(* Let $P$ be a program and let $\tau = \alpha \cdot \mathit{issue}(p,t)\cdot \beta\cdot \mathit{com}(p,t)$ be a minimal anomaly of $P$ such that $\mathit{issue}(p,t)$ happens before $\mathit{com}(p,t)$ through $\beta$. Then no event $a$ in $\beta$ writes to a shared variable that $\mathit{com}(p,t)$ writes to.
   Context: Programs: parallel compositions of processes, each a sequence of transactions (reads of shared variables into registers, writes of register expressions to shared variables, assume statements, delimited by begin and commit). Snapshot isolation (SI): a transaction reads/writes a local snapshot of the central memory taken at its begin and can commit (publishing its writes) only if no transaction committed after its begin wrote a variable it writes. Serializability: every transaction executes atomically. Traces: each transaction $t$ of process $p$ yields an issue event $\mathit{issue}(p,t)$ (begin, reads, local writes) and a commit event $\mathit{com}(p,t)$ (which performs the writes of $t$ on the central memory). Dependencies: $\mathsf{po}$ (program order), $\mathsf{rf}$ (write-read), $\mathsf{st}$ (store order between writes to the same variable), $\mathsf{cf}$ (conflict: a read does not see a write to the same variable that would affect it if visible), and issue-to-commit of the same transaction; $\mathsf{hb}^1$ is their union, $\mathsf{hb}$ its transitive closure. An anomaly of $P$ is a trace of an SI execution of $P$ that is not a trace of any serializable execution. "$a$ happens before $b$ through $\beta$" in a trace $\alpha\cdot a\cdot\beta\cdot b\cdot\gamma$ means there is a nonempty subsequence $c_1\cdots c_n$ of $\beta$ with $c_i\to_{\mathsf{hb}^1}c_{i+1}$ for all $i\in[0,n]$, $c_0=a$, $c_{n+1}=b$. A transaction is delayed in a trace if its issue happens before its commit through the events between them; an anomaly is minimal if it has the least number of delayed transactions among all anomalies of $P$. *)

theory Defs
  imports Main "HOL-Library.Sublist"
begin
━━━━━━
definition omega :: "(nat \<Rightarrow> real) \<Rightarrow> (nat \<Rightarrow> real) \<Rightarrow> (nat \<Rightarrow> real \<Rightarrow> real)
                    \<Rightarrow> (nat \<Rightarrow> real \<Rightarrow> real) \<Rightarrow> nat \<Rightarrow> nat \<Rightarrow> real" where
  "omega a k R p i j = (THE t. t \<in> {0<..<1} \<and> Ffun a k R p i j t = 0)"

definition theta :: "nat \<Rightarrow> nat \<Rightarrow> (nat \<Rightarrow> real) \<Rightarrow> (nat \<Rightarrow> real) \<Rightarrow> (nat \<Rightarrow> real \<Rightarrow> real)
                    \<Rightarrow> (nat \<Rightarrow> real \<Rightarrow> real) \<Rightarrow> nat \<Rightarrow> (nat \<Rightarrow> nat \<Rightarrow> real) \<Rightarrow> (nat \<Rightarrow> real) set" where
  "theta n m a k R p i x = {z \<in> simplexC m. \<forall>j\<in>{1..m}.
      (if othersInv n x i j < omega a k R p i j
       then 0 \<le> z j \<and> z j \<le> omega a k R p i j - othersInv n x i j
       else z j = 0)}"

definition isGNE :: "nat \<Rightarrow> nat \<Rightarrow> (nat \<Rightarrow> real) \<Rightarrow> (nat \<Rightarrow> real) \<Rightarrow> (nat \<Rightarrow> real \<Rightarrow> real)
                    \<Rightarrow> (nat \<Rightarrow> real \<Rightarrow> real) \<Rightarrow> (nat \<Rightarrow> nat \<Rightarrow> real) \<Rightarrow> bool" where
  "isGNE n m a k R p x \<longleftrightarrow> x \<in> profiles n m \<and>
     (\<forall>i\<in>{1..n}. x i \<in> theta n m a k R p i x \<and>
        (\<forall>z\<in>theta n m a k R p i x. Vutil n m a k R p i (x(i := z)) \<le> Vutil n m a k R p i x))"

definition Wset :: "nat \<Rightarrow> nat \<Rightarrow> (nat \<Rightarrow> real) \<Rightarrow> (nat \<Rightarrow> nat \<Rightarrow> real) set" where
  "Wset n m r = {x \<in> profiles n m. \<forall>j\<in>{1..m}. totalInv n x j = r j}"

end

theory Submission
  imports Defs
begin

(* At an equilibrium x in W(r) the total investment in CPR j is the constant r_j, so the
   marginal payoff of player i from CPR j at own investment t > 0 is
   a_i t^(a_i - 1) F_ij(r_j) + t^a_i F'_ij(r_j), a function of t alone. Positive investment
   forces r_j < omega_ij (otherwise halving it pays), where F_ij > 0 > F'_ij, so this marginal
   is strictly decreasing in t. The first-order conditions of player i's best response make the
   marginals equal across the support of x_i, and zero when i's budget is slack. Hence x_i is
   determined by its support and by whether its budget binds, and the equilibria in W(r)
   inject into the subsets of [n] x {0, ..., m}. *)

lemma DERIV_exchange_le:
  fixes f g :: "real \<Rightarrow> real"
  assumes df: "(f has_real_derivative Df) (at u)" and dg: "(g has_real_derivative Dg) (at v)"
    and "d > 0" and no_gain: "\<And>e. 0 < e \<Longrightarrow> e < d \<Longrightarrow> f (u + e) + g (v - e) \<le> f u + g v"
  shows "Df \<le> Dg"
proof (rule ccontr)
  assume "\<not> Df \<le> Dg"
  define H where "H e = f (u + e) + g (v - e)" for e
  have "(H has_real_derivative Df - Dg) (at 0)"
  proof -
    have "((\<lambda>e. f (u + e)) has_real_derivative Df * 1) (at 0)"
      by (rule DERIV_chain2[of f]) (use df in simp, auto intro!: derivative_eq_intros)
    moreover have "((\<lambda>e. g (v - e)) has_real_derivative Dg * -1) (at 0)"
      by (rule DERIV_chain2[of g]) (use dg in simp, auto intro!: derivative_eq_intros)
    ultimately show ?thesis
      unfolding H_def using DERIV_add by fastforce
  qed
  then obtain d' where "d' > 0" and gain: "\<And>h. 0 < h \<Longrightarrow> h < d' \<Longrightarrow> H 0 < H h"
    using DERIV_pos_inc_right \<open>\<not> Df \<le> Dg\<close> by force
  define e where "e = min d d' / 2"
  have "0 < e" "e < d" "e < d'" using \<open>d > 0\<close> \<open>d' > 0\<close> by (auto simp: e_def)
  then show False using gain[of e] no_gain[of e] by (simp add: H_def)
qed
━━━━━━
→ The problem
Taking the material above, extract exactly and only the lines from the line with "j = (THE t." to the line with "(nat \<Rightarrow> real) \<Rightarrow> (nat \<Rightarrow> nat", inclusive of both.

→ Worked solution
  "omega a k R p i j = (THE t. t \<in> {0<..<1} \<and> Ffun a k R p i j t = 0)"

definition theta :: "nat \<Rightarrow> nat \<Rightarrow> (nat \<Rightarrow> real) \<Rightarrow> (nat \<Rightarrow> real) \<Rightarrow> (nat \<Rightarrow> real \<Rightarrow> real)
                    \<Rightarrow> (nat \<Rightarrow> real \<Rightarrow> real) \<Rightarrow> nat \<Rightarrow> (nat \<Rightarrow> nat \<Rightarrow> real) \<Rightarrow> (nat \<Rightarrow> real) set" where
  "theta n m a k R p i x = {z \<in> simplexC m. \<forall>j\<in>{1..m}.
      (if othersInv n x i j < omega a k R p i j
       then 0 \<le> z j \<and> z j \<le> omega a k R p i j - othersInv n x i j
       else z j = 0)}"

definition isGNE :: "nat \<Rightarrow> nat \<Rightarrow> (nat \<Rightarrow> real) \<Rightarrow> (nat \<Rightarrow> real) \<Rightarrow> (nat \<Rightarrow> real \<Rightarrow> real)
                    \<Rightarrow> (nat \<Rightarrow> real \<Rightarrow> real) \<Rightarrow> (nat \<Rightarrow> nat \<Rightarrow> real) \<Rightarrow> bool" where
  "isGNE n m a k R p x \<longleftrightarrow> x \<in> profiles n m \<and>
     (\<forall>i\<in>{1..n}. x i \<in> theta n m a k R p i x \<and>
        (\<forall>z\<in>theta n m a k R p i x. Vutil n m a k R p i (x(i := z)) \<le> Vutil n m a k R p i x))"

definition Wset :: "nat \<Rightarrow> nat \<Rightarrow> (nat \<Rightarrow> real) \<Rightarrow> (nat \<Rightarrow> nat \<Rightarrow> real) set" where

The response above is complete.